One explanation occurred to him in the elevator. Keller, who’d lived all his life in and around New York, had never had occasion to stay at a New York hotel before. Why would he? For years he’d had a wonderfully comfortable apartment on First Avenue in the 40s, and unless he was out of town, or had been invited to spend the night in the bed of some congenial female companion, that was where he slept.
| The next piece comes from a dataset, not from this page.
(* Let $x^*\in\mathbb{R}^n$ satisfy $Ax^*=b$, let $\ell\ge1$ and let $x_1,\ldots,x_\ell\in\mathbb{R}^n$ be affinely independent points such that \[x_\ell=\operatorname{argmin}_{\xi\in\operatorname{aff}(x_1,\ldots,x_\ell)}\|\xi-x^*\|^2\] and $P(x_\ell)\notin\operatorname{aff}(x_1,\ldots,x_\ell)$. Let \[V=(x_1-x_\ell,\ldots,x_{\ell-1}-x_\ell)\in\mathbb{R}^{n\times(\ell-1)},\quad M=(V,\,P(x_\ell)-x_\ell)\in\mathbb{R}^{n\times\ell},\quad \gamma=\tfrac12\big(\|r(x_\ell)\|^2+\|P(x_\ell)-x_\ell\|^2\big).\] Then the minimizer $s^*=\operatorname{argmin}_{s\in\mathbb{R}^\ell}\|x_\ell+Ms-x^*\|^2$ exists, is unique, and is the unique solution of the linear system $M^TMs=\gamma e_\ell$, where $e_\ell\in\mathbb{R}^\ell$ is the $\ell$-th unit vector. Moreover, \[\|x_\ell-x^*\|^2-\|x_\ell+Ms^*-x^*\|^2=\gamma s^*_\ell=\gamma^2\frac{\det(V^TV)}{\det(M^TM)}.\]
   Context: Let $A=(a_1,\ldots,a_m)^T\in\mathbb{R}^{m\times n}$ with rows $a_j\in\mathbb{R}^n\setminus\{0\}$, and let $b\in\mathbb{R}^m$ lie in the range of $A$. Norms are Euclidean. For $j=1,\ldots,m$ define the projectors $P_j:\mathbb{R}^n\to\mathbb{R}^n$, $P_j(x)=\big(I-\frac{a_ja_j^T}{\|a_j\|^2}\big)x+\frac{b_j}{\|a_j\|^2}a_j$ (the orthogonal projection onto $\{z:a_j^Tz=b_j\}$), and the Kaczmarz cycle $P=P_m\circ\cdots\circ P_1$. The residual $r:\mathbb{R}^n\to\mathbb{R}^m$ is defined by $r_1(x)=(a_1^Tx-b_1)/\|a_1\|$ and $r_j(x)=(a_j^T(P_{j-1}\circ\cdots\circ P_1)(x)-b_j)/\|a_j\|$ for $j=2,\ldots,m$. $\operatorname{aff}(\cdot)$ denotes the affine hull. When $\ell=1$, $V$ is the empty matrix and $\det(V^TV)$ is taken to be $1$. *)

theory Defs imports "HOL-Analysis.Analysis" "Jordan_Normal_Form.Determinant" begin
Nowadays the only female companion in his life, congenial or otherwise, was his wife, Julia, and he lived in her house in New Orleans’s Garden District. His name in New Orleans—and, for that matter, everywhere he went—was Edwards, Nicholas Edwards. He was a partner in a construction business, doing post-Katrina residential rehabilitation, and his partner called him Nick, as did the men they worked with. Julia called him Nicholas, except in intimate moments, when she sometimes called him Keller.
But she didn’t do that so often anymore. Oh, the intimate moments were no less frequent, but she was apt to call him Nicholas then. And, he thought, why not? That was his name. Nicholas Edwards. That’s what it said on his driver’s license, issued to him by the state of Louisiana, and on his passport, issued to him by the United States of America. And that was the name on every credit card and piece of ID in his wallet, so how could you say that wasn’t who he was? And why shouldn’t his wife call him by his rightful name?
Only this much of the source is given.